Besides export formats, it is also possible to use the clipboard to copy and paste an ARIS Express diagram into typical office suites such as Microsoft PowerPoint.

==Technology==
ARIS Express is a Java-based application, which shares some of the features of ARIS Platform products such as ARIS Business Architect and ARIS Business Designer. In contrast to ARIS Platform products, ARIS Express doesn't use a central database for model storage. Instead, each diagram is stored in an ADF file.

ARIS Express uses Java Web Start. After download, the application can be started immediately without installation procedure. For Microsoft Windows based systems, an ordinary setup is provided, too. ARIS Express requires Java 1.6.10 or above. On first startup, the user must enter a valid ARIS Community account to register the application. Creating an ARIS Community account is free-of-charge. After installation, no Internet connection is needed to use ARIS Express.

ARIS Express uses a mechanism provided by Java Web Start to automatically update the application as soon as a new version becomes available and the user is connected to the Internet during startup. There are reports that this automated update failed while upgrading from version 1.0 to version 2.0.

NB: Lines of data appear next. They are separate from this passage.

(* Let $L\ge2$, $\rho>0$, and let $(\alpha_k)_{k\ge0}$ be nonnegative reals, not all zero, with $\bar\alpha:=\sum_{k\ge1}k\alpha_k\in(0,\infty)$, satisfying the fixed point equations $\alpha_{k+1}u_{k+1}=\rho\,\bar\alpha^{L-1}\alpha_k$ for all $k\ge0$, where $$u_k=k\sum_{k_2,\dots,k_L=1}^{\infty}\Big(\tfrac1k\wedge\tfrac1{k_2}\wedge\cdots\wedge\tfrac1{k_L}\Big)\prod_{i=2}^{L}k_i\alpha_{k_i},\quad k\ge1.$$ Then all $\alpha_k>0$, $\alpha_{k+1}/\alpha_k=\rho\bar\alpha^{L-1}/u_{k+1}$, and the sequence $(\alpha_k)$ is unimodal: it is increasing in $k$ as long as $u_{k+1}<\rho\bar\alpha^{L-1}$ and nonincreasing afterwards, so that its maximum is attained at $k_0=\max\{k>0:\ u_k<\rho\bar\alpha^{L-1}\}$ (with $k_0$ taken as $0$ if this set is empty).
   Context: $a\wedge b$ denotes $\min(a,b)$. These are the mean-field fixed point equations for the stationary distribution $\alpha_k$ of the number of transfers on a link in a large symmetrical best-effort network with routes of length $L$ and link load $\rho$ under the min policy. *)

theory Defs
  imports "HOL-Analysis.Analysis"
begin

text \<open>Index tuples (k_2,...,k_L) with all entries >= 1, represented as functions
  nat => nat that are >= 1 on {2..L} and 0 elsewhere (canonical representation).\<close>
definition idx_tuples :: "nat \<Rightarrow> (nat \<Rightarrow> nat) set" where
  "idx_tuples L = {ks. (\<forall>i\<in>{2..L}. 1 \<le> ks i) \<and> (\<forall>i. i \<notin> {2..L} \<longrightarrow> ks i = 0)}"

definition u_fun :: "nat \<Rightarrow> (nat \<Rightarrow> real) \<Rightarrow> nat \<Rightarrow> real" where
  "u_fun L \<alpha> k = real k *
     (\<Sum>\<^sub>\<infinity> ks \<in> idx_tuples L.
        Min (insert (1 / real k) ((\<lambda>i. 1 / real (ks i)) ` {2..L})) *
        (\<Prod>i\<in>{2..L}. real (ks i) * \<alpha> (ks i)))"

end

theory Submission
  imports Defs
begin

text \<open>
  Write the summand of \<open>u_k\<close> as \<open>min (1/k) m * P\<close>, where \<open>m\<close> is the minimum
  of the \<open>1/k_i\<close> and \<open>P = \<Prod> k_i \<alpha>_{k_i}\<close> the weight of the index tuple.  Then
  \<open>k * summand = min 1 (k m) * P\<close> grows with \<open>k\<close>, while the summand itself is bounded by
  the summand at \<open>k = 1\<close>.  Consequently all the families are summable or none is; in the
  first case \<open>u\<close> is nondecreasing and positive on \<open>k \<ge> 1\<close>, in the second \<open>u\<close> vanishes there.

  The second half is about an abstract sequence: if \<open>a (k+1) u (k+1) = c a k\<close> with
  \<open>c > 0\<close>, \<open>u\<close> positive and nondecreasing on \<open>k \<ge> 1\<close>, \<open>a \<ge> 0\<close> not identically zero and
  \<open>\<Sum> k a_k < \<infinity>\<close>, then \<open>a\<close> is positive and unimodal, with the mode at the last \<open>k\<close> where
  \<open>u_k < c\<close>; there are only finitely many such \<open>k\<close> because \<open>k a_k \<rightarrow> 0\<close>.
  The main theorem combines both halves with \<open>c = \<rho> abar^(L-1)\<close>; the case \<open>u = 0\<close> is
  excluded by the fixed point equation, which would then force \<open>\<alpha> = 0\<close>.
\<close>

section \<open>The coefficients \<open>u_k\<close>\<close>

definition tuple_min :: "nat \<Rightarrow> (nat \<Rightarrow> nat) \<Rightarrow> real" where
  "tuple_min L ks = Min ((\<lambda>i. 1 / real (ks i)) ` {2..L})"

definition tuple_weight :: "nat \<Rightarrow> (nat \<Rightarrow> real) \<Rightarrow> (nat \<Rightarrow> nat) \<Rightarrow> real" where
  "tuple_weight L \<alpha> ks = (\<Prod>i\<in>{2..L}. real (ks i) * \<alpha> (ks i))"

definition u_summand :: "nat \<Rightarrow> (nat \<Rightarrow> real) \<Rightarrow> nat \<Rightarrow> (nat \<Rightarrow> nat) \<Rightarrow> real" where
  "u_summand L \<alpha> k ks = min (1 / real k) (tuple_min L ks) * tuple_weight L \<alpha> ks"

lemma u_fun_eq:
  assumes "2 \<le> L"
  shows "u_fun L \<alpha> k = real k * infsum (u_summand L \<alpha> k) (idx_tuples L)"
proof -
  have "Min (insert (1 / real k) ((\<lambda>i. 1 / real (ks i)) ` {2..L})) =
        min (1 / real k) (tuple_min L ks)" for ks
    using assms by (simp add: tuple_min_def Min_insert)
  then have "u_summand L \<alpha> k =
      (\<lambda>ks. Min (insert (1 / real k) ((\<lambda>i. 1 / real (ks i)) ` {2..L})) *
        (\<Prod>i\<in>{2..L}. real (ks i) * \<alpha> (ks i)))"
    by (simp add: u_summand_def tuple_weight_def fun_eq_iff)
  then show ?thesis
    by (simp add: u_fun_def)
qed

lemma tuple_min_pos:
  assumes "2 \<le> L" "ks \<in> idx_tuples L"
  shows "tuple_min L ks > 0"
  using assms by (auto simp: tuple_min_def idx_tuples_def)

lemma tuple_weight_nonneg:
  assumes "\<And>k. \<alpha> k \<ge> 0"
  shows "tuple_weight L \<alpha> ks \<ge> 0"
  using assms by (auto simp: tuple_weight_def intro!: prod_nonneg)

lemma u_summand_nonneg:
  assumes "2 \<le> L" "\<And>k. \<alpha> k \<ge> 0" "ks \<in> idx_tuples L"
  shows "u_summand L \<alpha> k ks \<ge> 0"
  using tuple_min_pos[OF assms(1,3)] tuple_weight_nonneg[where \<alpha> = \<alpha>, OF assms(2)]
  by (simp add: u_summand_def)

lemma u_summand_le_first:
  assumes "\<And>k. \<alpha> k \<ge> 0" "1 \<le> k"
  shows "u_summand L \<alpha> k ks \<le> u_summand L \<alpha> 1 ks"
proof -
  have "1 / real k \<le> 1" using assms(2) by simp
  then have "min (1 / real k) (tuple_min L ks) \<le> min 1 (tuple_min L ks)"
    by (rule min.mono) simp
  then show ?thesis
    unfolding u_summand_def using tuple_weight_nonneg[where \<alpha> = \<alpha>, OF assms(1)]
    by (simp add: mult_right_mono)
qed

text \<open>On the other hand \<open>k * summand = min 1 (k m) * P\<close> is nondecreasing in \<open>k\<close>.\<close>
lemma scaled_u_summand_mono:
  assumes "2 \<le> L" "\<And>k. \<alpha> k \<ge> 0" "ks \<in> idx_tuples L" "1 \<le> k" "k \<le> k'"
  shows "real k * u_summand L \<alpha> k ks \<le> real k' * u_summand L \<alpha> k' ks"
proof -
  define m where "m = tuple_min L ks"
  have m: "m > 0" using tuple_min_pos[OF assms(1,3)] by (simp add: m_def)
  have scaled: "real j * min (1 / real j) m = min 1 (real j * m)" if "1 \<le> j" for j
    using that by (auto simp: min_def field_simps)
  have "min 1 (real k * m) \<le> min 1 (real k' * m)"
    using m assms(5) by (intro min.mono mult_right_mono) auto
  then show ?thesis
    using tuple_weight_nonneg[where \<alpha> = \<alpha>, OF assms(2)] scaled[OF assms(4)] scaled[of k']
      assms(4,5)
    by (simp add: u_summand_def m_def[symmetric] mult.assoc[symmetric] mult_right_mono)
qed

As ARIS Express is based on Java Web Start, it can be installed on any platform supported by Java. The ARIS Community and other Internet sources have reports of successful deployment of ARIS Express on other operating systems than Microsoft Windows. However, ARIS Express is officially supported only on Microsoft Windows.

==Miscellaneous==
A quick reference sheet is available for ARIS Express. The poster shows all supported diagrams plus the most important modelling concepts for each supported modelling language.

ARIS Express contains a hidden game, a so-called Easter Egg. The game can be started by clicking several times on the product logo in the about dialog. Highscores achieved in the game can be submitted to a special page in ARIS Community.

A Firefox Personas is available for ARIS Express.